▶ _RECORDED DATA_

+-------+

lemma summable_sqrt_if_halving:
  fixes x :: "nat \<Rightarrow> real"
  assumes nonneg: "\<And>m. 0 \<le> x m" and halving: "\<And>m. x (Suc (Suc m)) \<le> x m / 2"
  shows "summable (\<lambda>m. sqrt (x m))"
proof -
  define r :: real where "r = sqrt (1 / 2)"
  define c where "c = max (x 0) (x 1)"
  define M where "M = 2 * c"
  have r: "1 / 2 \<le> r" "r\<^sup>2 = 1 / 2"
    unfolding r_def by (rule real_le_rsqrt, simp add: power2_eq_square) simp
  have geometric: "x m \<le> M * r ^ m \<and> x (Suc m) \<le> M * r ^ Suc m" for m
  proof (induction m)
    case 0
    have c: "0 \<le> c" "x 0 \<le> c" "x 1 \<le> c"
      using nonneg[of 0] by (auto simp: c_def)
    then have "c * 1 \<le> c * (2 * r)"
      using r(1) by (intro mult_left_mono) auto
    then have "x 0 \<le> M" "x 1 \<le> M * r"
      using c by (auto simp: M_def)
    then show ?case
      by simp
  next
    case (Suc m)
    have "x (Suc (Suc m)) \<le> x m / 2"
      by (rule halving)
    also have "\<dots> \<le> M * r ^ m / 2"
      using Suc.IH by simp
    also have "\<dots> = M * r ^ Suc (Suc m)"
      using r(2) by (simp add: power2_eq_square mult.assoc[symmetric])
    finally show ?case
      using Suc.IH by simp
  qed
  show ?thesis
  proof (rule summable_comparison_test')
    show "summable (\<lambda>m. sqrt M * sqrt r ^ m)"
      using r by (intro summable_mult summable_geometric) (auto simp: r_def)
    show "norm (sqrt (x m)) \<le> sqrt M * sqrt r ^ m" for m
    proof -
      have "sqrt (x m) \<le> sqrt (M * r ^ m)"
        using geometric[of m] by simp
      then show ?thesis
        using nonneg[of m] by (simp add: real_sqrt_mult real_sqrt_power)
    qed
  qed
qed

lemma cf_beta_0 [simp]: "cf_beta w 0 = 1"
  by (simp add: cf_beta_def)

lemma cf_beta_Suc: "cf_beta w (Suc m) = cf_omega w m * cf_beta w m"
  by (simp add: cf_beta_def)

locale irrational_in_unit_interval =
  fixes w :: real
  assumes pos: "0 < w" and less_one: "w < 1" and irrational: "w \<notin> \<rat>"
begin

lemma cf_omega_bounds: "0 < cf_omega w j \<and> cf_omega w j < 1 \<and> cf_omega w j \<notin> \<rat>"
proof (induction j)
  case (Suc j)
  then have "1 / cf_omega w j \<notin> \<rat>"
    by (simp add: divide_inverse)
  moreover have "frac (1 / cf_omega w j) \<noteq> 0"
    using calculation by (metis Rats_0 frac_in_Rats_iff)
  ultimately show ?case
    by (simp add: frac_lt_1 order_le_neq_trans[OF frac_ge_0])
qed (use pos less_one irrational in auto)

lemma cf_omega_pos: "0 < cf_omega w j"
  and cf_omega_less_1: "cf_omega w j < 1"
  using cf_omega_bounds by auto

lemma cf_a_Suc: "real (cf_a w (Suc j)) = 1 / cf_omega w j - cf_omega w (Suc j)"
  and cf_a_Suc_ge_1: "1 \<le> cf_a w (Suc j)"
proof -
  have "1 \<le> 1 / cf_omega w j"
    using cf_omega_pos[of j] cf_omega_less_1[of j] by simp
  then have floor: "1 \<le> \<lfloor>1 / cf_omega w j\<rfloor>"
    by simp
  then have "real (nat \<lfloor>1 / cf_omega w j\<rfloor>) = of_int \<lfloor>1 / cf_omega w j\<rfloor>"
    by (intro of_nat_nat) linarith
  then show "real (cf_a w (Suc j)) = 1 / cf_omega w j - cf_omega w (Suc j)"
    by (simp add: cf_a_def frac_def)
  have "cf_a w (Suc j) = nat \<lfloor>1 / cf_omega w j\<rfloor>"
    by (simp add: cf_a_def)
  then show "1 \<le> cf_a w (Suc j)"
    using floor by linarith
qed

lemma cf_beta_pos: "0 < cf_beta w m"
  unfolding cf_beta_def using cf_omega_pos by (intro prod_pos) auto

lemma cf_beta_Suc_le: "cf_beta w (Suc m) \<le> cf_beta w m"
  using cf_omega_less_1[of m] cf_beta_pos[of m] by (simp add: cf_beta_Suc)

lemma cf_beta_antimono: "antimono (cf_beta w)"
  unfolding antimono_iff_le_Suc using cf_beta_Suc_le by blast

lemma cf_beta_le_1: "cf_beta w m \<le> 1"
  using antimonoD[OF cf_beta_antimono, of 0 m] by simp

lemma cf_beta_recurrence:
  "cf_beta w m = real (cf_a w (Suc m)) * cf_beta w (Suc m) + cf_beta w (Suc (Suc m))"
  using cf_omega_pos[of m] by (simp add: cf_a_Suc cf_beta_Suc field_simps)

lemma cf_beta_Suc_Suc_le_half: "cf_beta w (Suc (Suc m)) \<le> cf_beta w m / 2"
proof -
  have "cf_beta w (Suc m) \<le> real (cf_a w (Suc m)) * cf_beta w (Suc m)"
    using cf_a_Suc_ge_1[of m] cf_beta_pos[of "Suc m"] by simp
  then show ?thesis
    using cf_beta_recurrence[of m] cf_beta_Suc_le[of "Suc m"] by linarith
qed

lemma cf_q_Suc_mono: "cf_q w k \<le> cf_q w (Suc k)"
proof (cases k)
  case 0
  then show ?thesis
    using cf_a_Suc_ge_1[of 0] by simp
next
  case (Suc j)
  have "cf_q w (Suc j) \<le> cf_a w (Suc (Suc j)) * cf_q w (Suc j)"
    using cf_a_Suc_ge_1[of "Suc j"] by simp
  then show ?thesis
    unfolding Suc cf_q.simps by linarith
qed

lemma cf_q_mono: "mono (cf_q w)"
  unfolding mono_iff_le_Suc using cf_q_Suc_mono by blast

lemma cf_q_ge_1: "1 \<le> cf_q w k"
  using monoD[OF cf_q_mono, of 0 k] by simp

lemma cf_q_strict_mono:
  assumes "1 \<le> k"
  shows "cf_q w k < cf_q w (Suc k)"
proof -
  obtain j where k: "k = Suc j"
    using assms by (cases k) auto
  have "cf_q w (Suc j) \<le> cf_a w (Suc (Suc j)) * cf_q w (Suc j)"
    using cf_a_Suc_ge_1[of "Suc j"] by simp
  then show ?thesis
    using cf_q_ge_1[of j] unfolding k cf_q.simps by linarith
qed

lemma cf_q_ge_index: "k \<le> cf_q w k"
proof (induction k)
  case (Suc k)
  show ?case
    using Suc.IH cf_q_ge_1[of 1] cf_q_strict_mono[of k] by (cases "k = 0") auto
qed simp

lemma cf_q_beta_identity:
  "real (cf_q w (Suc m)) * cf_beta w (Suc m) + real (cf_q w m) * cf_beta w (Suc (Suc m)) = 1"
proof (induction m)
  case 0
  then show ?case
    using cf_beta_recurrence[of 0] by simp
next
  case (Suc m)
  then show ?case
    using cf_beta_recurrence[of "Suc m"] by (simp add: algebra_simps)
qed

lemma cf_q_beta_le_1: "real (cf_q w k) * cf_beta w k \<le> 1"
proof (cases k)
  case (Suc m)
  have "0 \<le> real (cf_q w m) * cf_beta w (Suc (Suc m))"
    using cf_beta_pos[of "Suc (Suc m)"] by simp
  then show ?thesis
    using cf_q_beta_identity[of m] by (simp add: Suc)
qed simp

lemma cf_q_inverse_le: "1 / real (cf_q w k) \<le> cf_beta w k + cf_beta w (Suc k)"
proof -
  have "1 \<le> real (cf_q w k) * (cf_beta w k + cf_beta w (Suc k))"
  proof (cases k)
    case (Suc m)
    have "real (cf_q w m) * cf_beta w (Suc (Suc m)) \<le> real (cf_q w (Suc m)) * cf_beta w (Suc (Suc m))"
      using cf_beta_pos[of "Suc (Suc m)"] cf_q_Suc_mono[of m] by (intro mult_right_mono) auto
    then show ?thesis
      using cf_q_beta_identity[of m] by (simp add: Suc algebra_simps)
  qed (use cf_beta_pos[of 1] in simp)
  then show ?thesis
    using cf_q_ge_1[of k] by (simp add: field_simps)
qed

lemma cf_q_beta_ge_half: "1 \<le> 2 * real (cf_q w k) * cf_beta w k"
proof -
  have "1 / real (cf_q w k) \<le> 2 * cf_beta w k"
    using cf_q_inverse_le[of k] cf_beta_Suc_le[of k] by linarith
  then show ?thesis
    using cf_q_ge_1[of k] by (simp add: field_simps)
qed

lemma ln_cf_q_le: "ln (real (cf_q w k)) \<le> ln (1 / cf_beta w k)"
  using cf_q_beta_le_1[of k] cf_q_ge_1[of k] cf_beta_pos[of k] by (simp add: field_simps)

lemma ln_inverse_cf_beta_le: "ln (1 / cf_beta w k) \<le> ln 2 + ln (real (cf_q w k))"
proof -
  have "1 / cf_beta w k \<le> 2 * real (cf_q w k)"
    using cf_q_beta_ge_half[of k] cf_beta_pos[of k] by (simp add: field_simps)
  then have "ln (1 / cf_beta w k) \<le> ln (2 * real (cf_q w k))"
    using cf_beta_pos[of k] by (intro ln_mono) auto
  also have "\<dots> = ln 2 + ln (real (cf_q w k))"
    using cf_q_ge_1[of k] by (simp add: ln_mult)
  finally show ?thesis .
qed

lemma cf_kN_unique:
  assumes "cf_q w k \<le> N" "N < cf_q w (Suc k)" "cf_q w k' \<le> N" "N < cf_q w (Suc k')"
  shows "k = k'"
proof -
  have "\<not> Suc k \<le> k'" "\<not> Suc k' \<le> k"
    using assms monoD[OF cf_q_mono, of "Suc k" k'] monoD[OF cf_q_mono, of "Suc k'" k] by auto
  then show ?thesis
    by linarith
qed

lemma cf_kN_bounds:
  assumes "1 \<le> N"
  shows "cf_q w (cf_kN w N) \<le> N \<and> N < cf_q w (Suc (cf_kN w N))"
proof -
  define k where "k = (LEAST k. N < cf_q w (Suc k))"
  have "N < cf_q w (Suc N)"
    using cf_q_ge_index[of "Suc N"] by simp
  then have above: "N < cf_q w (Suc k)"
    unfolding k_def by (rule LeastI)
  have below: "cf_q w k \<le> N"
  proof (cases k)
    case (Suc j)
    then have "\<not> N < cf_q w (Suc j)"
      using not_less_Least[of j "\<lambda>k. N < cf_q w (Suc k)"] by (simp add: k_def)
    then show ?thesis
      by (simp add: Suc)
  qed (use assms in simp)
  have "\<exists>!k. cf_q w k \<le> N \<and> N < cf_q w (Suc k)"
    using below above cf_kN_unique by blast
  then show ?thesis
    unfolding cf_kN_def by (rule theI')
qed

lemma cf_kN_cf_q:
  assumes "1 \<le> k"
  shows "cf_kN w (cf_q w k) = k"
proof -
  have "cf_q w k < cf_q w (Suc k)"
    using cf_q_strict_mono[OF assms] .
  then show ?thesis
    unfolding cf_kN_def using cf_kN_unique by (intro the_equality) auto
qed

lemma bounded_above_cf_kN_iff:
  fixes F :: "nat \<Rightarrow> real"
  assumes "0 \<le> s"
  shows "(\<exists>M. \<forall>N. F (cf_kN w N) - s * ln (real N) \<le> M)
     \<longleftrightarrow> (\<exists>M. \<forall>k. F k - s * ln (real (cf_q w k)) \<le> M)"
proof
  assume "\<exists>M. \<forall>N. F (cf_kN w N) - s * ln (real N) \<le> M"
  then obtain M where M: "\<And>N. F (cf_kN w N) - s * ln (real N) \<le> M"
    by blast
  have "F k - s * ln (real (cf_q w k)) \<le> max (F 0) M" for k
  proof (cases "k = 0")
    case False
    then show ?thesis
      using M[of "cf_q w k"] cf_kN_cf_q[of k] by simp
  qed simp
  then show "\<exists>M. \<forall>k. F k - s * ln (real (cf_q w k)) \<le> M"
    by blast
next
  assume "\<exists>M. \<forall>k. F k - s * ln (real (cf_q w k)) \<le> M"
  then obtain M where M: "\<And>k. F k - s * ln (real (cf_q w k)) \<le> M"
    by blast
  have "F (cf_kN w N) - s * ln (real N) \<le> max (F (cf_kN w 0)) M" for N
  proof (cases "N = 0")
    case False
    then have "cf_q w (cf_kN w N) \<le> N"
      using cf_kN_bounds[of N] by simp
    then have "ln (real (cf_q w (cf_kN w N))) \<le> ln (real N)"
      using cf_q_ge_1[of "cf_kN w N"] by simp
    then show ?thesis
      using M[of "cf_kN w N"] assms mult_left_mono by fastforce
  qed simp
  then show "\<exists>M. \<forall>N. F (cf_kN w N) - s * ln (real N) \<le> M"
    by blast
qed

+-------+

▶ _EXERCISE GOAL_
Which lines of the records above hold the word "exists"? Copy each one out.

▶ _SOLUTION BELOW_
  have "\<exists>!k. cf_q w k \<le> N \<and> N < cf_q w (Suc k)"
  shows "(\<exists>M. \<forall>N. F (cf_kN w N) - s * ln (real N) \<le> M)
     \<longleftrightarrow> (\<exists>M. \<forall>k. F k - s * ln (real (cf_q w k)) \<le> M)"
  assume "\<exists>M. \<forall>N. F (cf_kN w N) - s * ln (real N) \<le> M"
  then show "\<exists>M. \<forall>k. F k - s * ln (real (cf_q w k)) \<le> M"
  assume "\<exists>M. \<forall>k. F k - s * ln (real (cf_q w k)) \<le> M"
  then show "\<exists>M. \<forall>N. F (cf_kN w N) - s * ln (real N) \<le> M"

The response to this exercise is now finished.